As model_B_on_A and model_A actually share layers now, training one will update both models. To avoid that model_B_on_A should be built on top of a clone of model_A.

In [59]:
tf.random.set_seed(42)

model_A_clone = tf.keras.models.clone_model(model_A)
model_A_clone.set_weights(model_A.get_weights())

In [61]:
# Creates model_B_on_A just like in the previous cell

model_B_on_A = tf.keras.Sequential(model_A_clone.layers[:-1])
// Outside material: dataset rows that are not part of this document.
(* Let $\chi:\mathcal H\to\mathcal H_L^\chi\otimes\mathcal H_R^\chi$ be a splitting map. The set $\mathrm{stloc}(\chi)$ of strictly $\chi$-local operators is a Von Neumann subalgebra of $\mathcal L(\mathcal H)$.
   Context: All Hilbert spaces are finite-dimensional and complex. A Von Neumann subalgebra of $\mathcal L(\mathcal H)$ is a $*$-subalgebra closed under adjoint and containing $\mathbb 1_{\mathcal H}$. A splitting map on $\mathcal H$ is an isometry $\chi:\mathcal H\to\mathcal H_L^\chi\otimes\mathcal H_R^\chi$. $A\in\mathcal L(\mathcal H)$ is strictly $\chi$-local if there exists $\tilde A\in\mathcal L(\mathcal H_L^\chi)$ with $A\chi^\dagger=\chi^\dagger(\tilde A\otimes\mathbb 1)$ and $\chi A=(\tilde A\otimes\mathbb 1)\chi$. *)

theory Defs
  imports "HOL-Analysis.Analysis"
begin

text \<open>Finite-dimensional complex Hilbert spaces are modelled as coordinate spaces
  complex ^ 'n with 'n a finite index type; linear operators H -> K are matrices
  complex ^ 'n ^ 'k (rows indexed by the codomain). The tensor product
  H_L (x) H_R is complex ^ ('l \<times> 'r).\<close>

definition adj :: "complex ^ 'n ^ 'm \<Rightarrow> complex ^ 'm ^ 'n" where
  "adj A = (\<chi> i j. cnj (A $ j $ i))"

definition cscale :: "complex \<Rightarrow> complex ^ 'n ^ 'm \<Rightarrow> complex ^ 'n ^ 'm" where
  "cscale c A = (\<chi> i j. c * A $ i $ j)"

definition tensor_id :: "complex ^ 'l::finite ^ 'l \<Rightarrow> complex ^ ('l \<times> 'r::finite) ^ ('l \<times> 'r)" where
  "tensor_id A = (\<chi> p q. A $ fst p $ fst q * (if snd p = snd q then 1 else 0))"

definition isometry :: "complex ^ 'n::finite ^ 'm::finite \<Rightarrow> bool" where
  "isometry V \<longleftrightarrow> adj V ** V = mat 1"

definition stloc :: "complex ^ 'n::finite ^ ('l::finite \<times> 'r::finite) \<Rightarrow> (complex ^ 'n ^ 'n) set" where
  "stloc chi = {A. \<exists>At :: complex ^ 'l ^ 'l.
       A ** adj chi = adj chi ** (tensor_id At :: complex ^ ('l \<times> 'r) ^ ('l \<times> 'r))
     \<and> chi ** A = tensor_id At ** chi}"

definition vN_subalgebra :: "(complex ^ 'n::finite ^ 'n) set \<Rightarrow> bool" where
  "vN_subalgebra S \<longleftrightarrow>
     mat 1 \<in> S
   \<and> (\<forall>A\<in>S. \<forall>B\<in>S. A + B \<in> S)
   \<and> (\<forall>c. \<forall>A\<in>S. cscale c A \<in> S)
   \<and> (\<forall>A\<in>S. \<forall>B\<in>S. A ** B \<in> S)
   \<and> (\<forall>A\<in>S. adj A \<in> S)"

end

theory Submission
  imports Defs
begin

text \<open>The map \<open>At \<mapsto> At \<otimes> 1\<close> is a unital *-homomorphism, so the pairs \<open>(A, At)\<close> satisfying
  the two intertwining relations of strict locality are closed under sums, scalar multiples and
  products; adjoints are covered because the adjoint of each relation is the other one.\<close>

lemma matrix_add_rdistrib: "((A :: 'a::semiring_1 ^ 'n ^ 'm) + B) ** C = A ** C + B ** C"
  by (simp add: matrix_matrix_mult_def vec_eq_iff distrib_right sum.distrib)

lemma sum_UNIV_prod:
  "(\<Sum>q\<in>UNIV. f q) = (\<Sum>a\<in>UNIV. \<Sum>b\<in>UNIV. f (a, b))"
  for f :: "'a::finite \<times> 'b::finite \<Rightarrow> 'c::comm_monoid_add"
  by (simp only: sum.cartesian_product UNIV_Times_UNIV case_prod_eta)

lemma adj_adj [simp]: "adj (adj A) = A"
  by (simp add: adj_def vec_eq_iff)

lemma adj_matrix_mult:
  "adj ((A :: complex ^ 'n::finite ^ 'm) ** (B :: complex ^ 'k::finite ^ 'n)) = adj B ** adj A"
  by (simp add: adj_def vec_eq_iff matrix_matrix_mult_def mult.commute)

lemma cscale_matrix_mult_left:
  "cscale c (A :: complex ^ 'n::finite ^ 'm) ** (B :: complex ^ 'k ^ 'n) = cscale c (A ** B)"
  by (simp add: cscale_def vec_eq_iff matrix_matrix_mult_def sum_distrib_left mult.assoc)

lemma cscale_matrix_mult_right:
  "(A :: complex ^ 'n::finite ^ 'm) ** cscale c (B :: complex ^ 'k ^ 'n) = cscale c (A ** B)"
  by (simp add: cscale_def vec_eq_iff matrix_matrix_mult_def sum_distrib_left mult.left_commute)

lemma tensor_id_mat_1:
  "(tensor_id (mat 1) :: complex ^ ('l::finite \<times> 'r::finite) ^ ('l \<times> 'r)) = mat 1"
  by (simp add: tensor_id_def mat_def vec_eq_iff prod_eq_iff)

lemma tensor_id_add:
  "(tensor_id (A + B) :: complex ^ ('l::finite \<times> 'r::finite) ^ ('l \<times> 'r)) = tensor_id A + tensor_id B"
  by (simp add: tensor_id_def vec_eq_iff distrib_right)

lemma tensor_id_cscale:
  "(tensor_id (cscale c A) :: complex ^ ('l::finite \<times> 'r::finite) ^ ('l \<times> 'r)) = cscale c (tensor_id A)"
  by (simp add: tensor_id_def cscale_def vec_eq_iff)

lemma tensor_id_adj:
  "(tensor_id (adj A) :: complex ^ ('l::finite \<times> 'r::finite) ^ ('l \<times> 'r)) = adj (tensor_id A)"
  by (auto simp: tensor_id_def adj_def vec_eq_iff)

lemma tensor_id_mult:
  "(tensor_id (A ** B) :: complex ^ ('l::finite \<times> 'r::finite) ^ ('l \<times> 'r)) = tensor_id A ** tensor_id B"
proof -
  have "(\<Sum>r\<in>UNIV. a * (if x = r then 1 else 0) * (b * (if r = y then 1 else 0)))
      = a * b * (if x = y then 1 else 0)" for a b :: complex and x y :: 'r
  proof -
    have "(\<Sum>r\<in>UNIV. a * (if x = r then 1 else 0) * (b * (if r = y then 1 else 0)))
        = (\<Sum>r\<in>UNIV. if r = x then a * b * (if x = y then 1 else 0) else 0)"
      by (rule sum.cong) auto
    then show ?thesis
      by simp
  qed
  then show ?thesis
    by (simp add: tensor_id_def matrix_matrix_mult_def vec_eq_iff sum_UNIV_prod sum_distrib_right)
qed

definition stloc_witness ::
    "complex ^ 'n::finite ^ ('l::finite \<times> 'r::finite) \<Rightarrow> complex ^ 'l ^ 'l \<Rightarrow> complex ^ 'n ^ 'n \<Rightarrow> bool"
  where "stloc_witness chi At A \<longleftrightarrow>
    A ** adj chi = adj chi ** tensor_id At \<and> chi ** A = tensor_id At ** chi"

lemma stloc_iff: "A \<in> stloc chi \<longleftrightarrow> (\<exists>At. stloc_witness chi At A)"
  by (simp add: stloc_def stloc_witness_def)

lemma stloc_witness_mat_1: "stloc_witness chi (mat 1) (mat 1)"
  by (simp add: stloc_witness_def tensor_id_mat_1)

lemma stloc_witness_add:
  assumes "stloc_witness chi At A" and "stloc_witness chi Bt B"
  shows "stloc_witness chi (At + Bt) (A + B)"
  using assms
  by (simp add: stloc_witness_def tensor_id_add matrix_add_ldistrib matrix_add_rdistrib)

lemma stloc_witness_cscale:
  assumes "stloc_witness chi At A"
  shows "stloc_witness chi (cscale c At) (cscale c A)"
  using assms
  by (simp add: stloc_witness_def tensor_id_cscale cscale_matrix_mult_left cscale_matrix_mult_right)

lemma stloc_witness_mult:
  assumes "stloc_witness chi At A" and "stloc_witness chi Bt B"
  shows "stloc_witness chi (At ** Bt) (A ** B)"
proof -
  from assms have A1: "A ** adj chi = adj chi ** tensor_id At" and A2: "chi ** A = tensor_id At ** chi"
    and B1: "B ** adj chi = adj chi ** tensor_id Bt" and B2: "chi ** B = tensor_id Bt ** chi"
    by (simp_all add: stloc_witness_def)
  have "(A ** B) ** adj chi = A ** (B ** adj chi)"
    by (rule matrix_mul_assoc[symmetric])
  also have "\<dots> = (A ** adj chi) ** tensor_id Bt"
    unfolding B1 by (rule matrix_mul_assoc)
  also have "\<dots> = adj chi ** tensor_id (At ** Bt)"
    unfolding A1 tensor_id_mult by (rule matrix_mul_assoc[symmetric])
  finally have left: "(A ** B) ** adj chi = adj chi ** tensor_id (At ** Bt)" .
  have "chi ** (A ** B) = (chi ** A) ** B"
    by (rule matrix_mul_assoc)
  also have "\<dots> = tensor_id At ** (chi ** B)"
    unfolding A2 by (rule matrix_mul_assoc[symmetric])
  also have "\<dots> = tensor_id (At ** Bt) ** chi"
    unfolding B2 tensor_id_mult by (rule matrix_mul_assoc)
  finally have right: "chi ** (A ** B) = tensor_id (At ** Bt) ** chi" .
  from left right show ?thesis
    by (simp add: stloc_witness_def)
qed

lemma stloc_witness_adj:
  assumes "stloc_witness chi At A"
  shows "stloc_witness chi (adj At) (adj A)"
proof -
  from assms have "A ** adj chi = adj chi ** tensor_id At" and "chi ** A = tensor_id At ** chi"
    by (simp_all add: stloc_witness_def)
  then have "adj (A ** adj chi) = adj (adj chi ** tensor_id At)"
    and "adj (chi ** A) = adj (tensor_id At ** chi)"
    by simp_all
  then show ?thesis
    by (simp add: stloc_witness_def adj_matrix_mult tensor_id_adj)
qed

theorem mainTheorem8:
  fixes chi :: "complex ^ 'n::finite ^ ('l::finite \<times> 'r::finite)"
  assumes "isometry chi"
  shows "vN_subalgebra (stloc chi)"
  unfolding vN_subalgebra_def
  by (auto simp: stloc_iff intro: stloc_witness_mat_1)
    (blast intro: stloc_witness_add stloc_witness_cscale stloc_witness_mult stloc_witness_adj)+

end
model_B_on_A.add(tf.keras.layers.Dense(1, activation="sigmoid"))

In [63]:
for layer in model_B_on_A.layers[:-1]:
    layer.trainable = False

optimizer = tf.keras.optimizers.SGD(learning_rate=0.001)
model_B_on_A.compile(loss="binary_crossentropy", optimizer=optimizer, metrics=["accuracy"])

In [65]:
history = model_B_on_A.fit(X_train_B, y_train_B, epochs=4, validation_data=(X_val_B, y_val_B))

Epoch 1/4
Epoch 2/4
Epoch 3/4
Epoch 4/4


In [67]:
for layer in model_B_on_A.layers[:-1]:
    layer.trainable = True

optimizer = tf.keras.optimizers.SGD(learning_rate=0.001)
model_B_on_A.compile(loss="binary_crossentropy", optimizer=optimizer, metrics=["accuracy"])

history = model_B_on_A.fit(X_train_B, y_train_B, epochs=16, validation_data=(X_val_B, y_val_B))

Epoch 1/16
Epoch 2/16
Epoch 3/16
Epoch 4/16
Epoch 5/16
Epoch 6/16
Epoch 7/16
Epoch 8/16
Epoch 9/16
Epoch 10/16
Epoch 11/16
Epoch 12/16
Epoch 13/16
Epoch 14/16
Epoch 15/16
Epoch 16/16


In [69]:
model_B_on_A.evaluate(X_test_B, y_test_B)



[0.4681757092475891, 0.8744999766349792]

TO-DO:
- model's accuracy improvement needs to be calculated
- Drop in error rate (in percentile) needs to be calculated.